**Activity:** Each line in the entries below that holds the word "where" belongs in the answer.

**Exercise input:**
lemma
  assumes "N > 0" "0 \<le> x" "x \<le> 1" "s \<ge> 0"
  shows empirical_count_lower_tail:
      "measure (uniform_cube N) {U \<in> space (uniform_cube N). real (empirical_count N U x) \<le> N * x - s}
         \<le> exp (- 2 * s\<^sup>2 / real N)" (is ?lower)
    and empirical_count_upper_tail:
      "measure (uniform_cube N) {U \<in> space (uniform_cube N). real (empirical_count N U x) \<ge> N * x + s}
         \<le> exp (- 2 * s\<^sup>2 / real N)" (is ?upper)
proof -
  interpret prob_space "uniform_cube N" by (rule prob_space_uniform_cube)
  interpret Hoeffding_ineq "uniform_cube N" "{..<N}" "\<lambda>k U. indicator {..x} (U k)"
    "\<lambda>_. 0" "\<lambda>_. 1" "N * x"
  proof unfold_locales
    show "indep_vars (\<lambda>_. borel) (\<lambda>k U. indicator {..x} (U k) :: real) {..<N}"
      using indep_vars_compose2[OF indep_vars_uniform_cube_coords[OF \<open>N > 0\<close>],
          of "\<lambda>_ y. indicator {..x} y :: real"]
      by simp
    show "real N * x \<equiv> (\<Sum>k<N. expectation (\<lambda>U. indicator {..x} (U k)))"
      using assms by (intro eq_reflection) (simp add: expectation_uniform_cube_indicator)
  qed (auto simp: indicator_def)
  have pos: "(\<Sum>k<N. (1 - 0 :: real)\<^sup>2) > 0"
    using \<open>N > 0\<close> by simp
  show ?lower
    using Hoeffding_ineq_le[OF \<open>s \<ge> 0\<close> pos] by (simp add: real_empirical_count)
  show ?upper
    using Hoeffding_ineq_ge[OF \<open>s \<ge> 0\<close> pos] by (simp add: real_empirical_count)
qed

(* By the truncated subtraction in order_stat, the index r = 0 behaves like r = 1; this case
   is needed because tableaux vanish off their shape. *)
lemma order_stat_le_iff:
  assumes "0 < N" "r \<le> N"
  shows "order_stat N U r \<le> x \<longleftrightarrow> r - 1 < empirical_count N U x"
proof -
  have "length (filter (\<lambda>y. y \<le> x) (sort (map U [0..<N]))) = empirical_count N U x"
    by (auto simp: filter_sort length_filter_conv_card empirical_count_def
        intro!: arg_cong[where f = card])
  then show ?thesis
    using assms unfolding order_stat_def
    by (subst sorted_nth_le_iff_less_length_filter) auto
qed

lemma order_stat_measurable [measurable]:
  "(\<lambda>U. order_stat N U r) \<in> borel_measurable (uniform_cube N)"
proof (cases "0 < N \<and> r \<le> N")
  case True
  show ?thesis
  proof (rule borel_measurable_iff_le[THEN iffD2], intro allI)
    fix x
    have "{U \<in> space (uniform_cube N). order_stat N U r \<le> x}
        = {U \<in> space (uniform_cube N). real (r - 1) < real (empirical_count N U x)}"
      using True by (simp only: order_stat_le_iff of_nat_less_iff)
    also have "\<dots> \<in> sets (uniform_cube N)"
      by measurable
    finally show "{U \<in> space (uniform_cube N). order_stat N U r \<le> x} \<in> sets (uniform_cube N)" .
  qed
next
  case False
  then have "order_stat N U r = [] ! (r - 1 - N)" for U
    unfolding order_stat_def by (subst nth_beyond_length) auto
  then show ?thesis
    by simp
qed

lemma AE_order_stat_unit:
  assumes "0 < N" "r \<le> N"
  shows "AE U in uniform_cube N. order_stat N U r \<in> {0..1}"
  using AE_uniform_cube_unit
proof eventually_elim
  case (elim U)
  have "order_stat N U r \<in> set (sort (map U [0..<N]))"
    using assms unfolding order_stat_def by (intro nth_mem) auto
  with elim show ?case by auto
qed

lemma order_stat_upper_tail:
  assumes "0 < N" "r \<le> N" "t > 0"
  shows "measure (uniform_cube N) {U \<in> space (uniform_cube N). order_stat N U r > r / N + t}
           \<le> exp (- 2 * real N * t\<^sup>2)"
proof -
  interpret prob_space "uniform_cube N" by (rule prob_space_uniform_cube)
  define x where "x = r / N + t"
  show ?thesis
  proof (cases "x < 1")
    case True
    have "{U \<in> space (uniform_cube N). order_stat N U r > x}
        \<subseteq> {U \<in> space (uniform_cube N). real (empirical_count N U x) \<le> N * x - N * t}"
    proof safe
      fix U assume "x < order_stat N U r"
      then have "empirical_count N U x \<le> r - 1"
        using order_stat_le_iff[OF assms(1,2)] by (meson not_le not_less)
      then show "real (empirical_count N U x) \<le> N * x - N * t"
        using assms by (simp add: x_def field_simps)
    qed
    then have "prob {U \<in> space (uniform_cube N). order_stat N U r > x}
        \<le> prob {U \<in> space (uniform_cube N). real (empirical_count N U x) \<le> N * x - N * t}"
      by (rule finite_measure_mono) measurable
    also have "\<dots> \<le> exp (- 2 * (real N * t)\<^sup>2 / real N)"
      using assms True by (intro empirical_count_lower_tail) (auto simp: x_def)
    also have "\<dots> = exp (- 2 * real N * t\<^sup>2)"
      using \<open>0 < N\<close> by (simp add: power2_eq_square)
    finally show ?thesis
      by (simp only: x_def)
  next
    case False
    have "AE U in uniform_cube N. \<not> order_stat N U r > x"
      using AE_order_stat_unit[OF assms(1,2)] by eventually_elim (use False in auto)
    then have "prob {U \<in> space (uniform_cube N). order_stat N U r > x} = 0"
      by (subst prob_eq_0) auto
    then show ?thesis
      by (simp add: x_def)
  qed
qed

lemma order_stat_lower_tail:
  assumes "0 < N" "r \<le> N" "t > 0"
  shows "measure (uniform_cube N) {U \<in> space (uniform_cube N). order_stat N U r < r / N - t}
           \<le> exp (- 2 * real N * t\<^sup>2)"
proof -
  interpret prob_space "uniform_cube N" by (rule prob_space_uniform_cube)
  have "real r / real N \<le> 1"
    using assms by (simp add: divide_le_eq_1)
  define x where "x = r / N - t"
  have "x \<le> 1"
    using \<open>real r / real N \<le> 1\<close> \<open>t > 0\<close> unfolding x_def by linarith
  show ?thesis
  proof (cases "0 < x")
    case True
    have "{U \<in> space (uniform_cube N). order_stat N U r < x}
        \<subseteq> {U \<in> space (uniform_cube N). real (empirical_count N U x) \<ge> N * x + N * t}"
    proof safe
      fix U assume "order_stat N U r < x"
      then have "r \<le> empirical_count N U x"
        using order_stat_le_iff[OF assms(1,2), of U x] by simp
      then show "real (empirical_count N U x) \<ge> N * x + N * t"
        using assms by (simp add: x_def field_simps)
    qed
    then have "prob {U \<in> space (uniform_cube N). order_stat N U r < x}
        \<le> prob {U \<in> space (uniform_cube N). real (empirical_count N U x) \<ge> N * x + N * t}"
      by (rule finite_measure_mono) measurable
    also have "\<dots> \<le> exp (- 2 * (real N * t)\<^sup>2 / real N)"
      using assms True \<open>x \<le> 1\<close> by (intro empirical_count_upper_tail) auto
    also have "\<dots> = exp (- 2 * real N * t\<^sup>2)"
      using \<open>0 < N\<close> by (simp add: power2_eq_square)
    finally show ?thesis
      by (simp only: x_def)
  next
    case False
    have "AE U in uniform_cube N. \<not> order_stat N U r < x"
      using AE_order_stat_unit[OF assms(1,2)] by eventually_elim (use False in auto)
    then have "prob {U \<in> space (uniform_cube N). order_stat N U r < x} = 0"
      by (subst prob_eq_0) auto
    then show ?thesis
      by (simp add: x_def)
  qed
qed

**Exercise output:**
        intro!: arg_cong[where f = card])
  define x where "x = r / N + t"
  define x where "x = r / N - t"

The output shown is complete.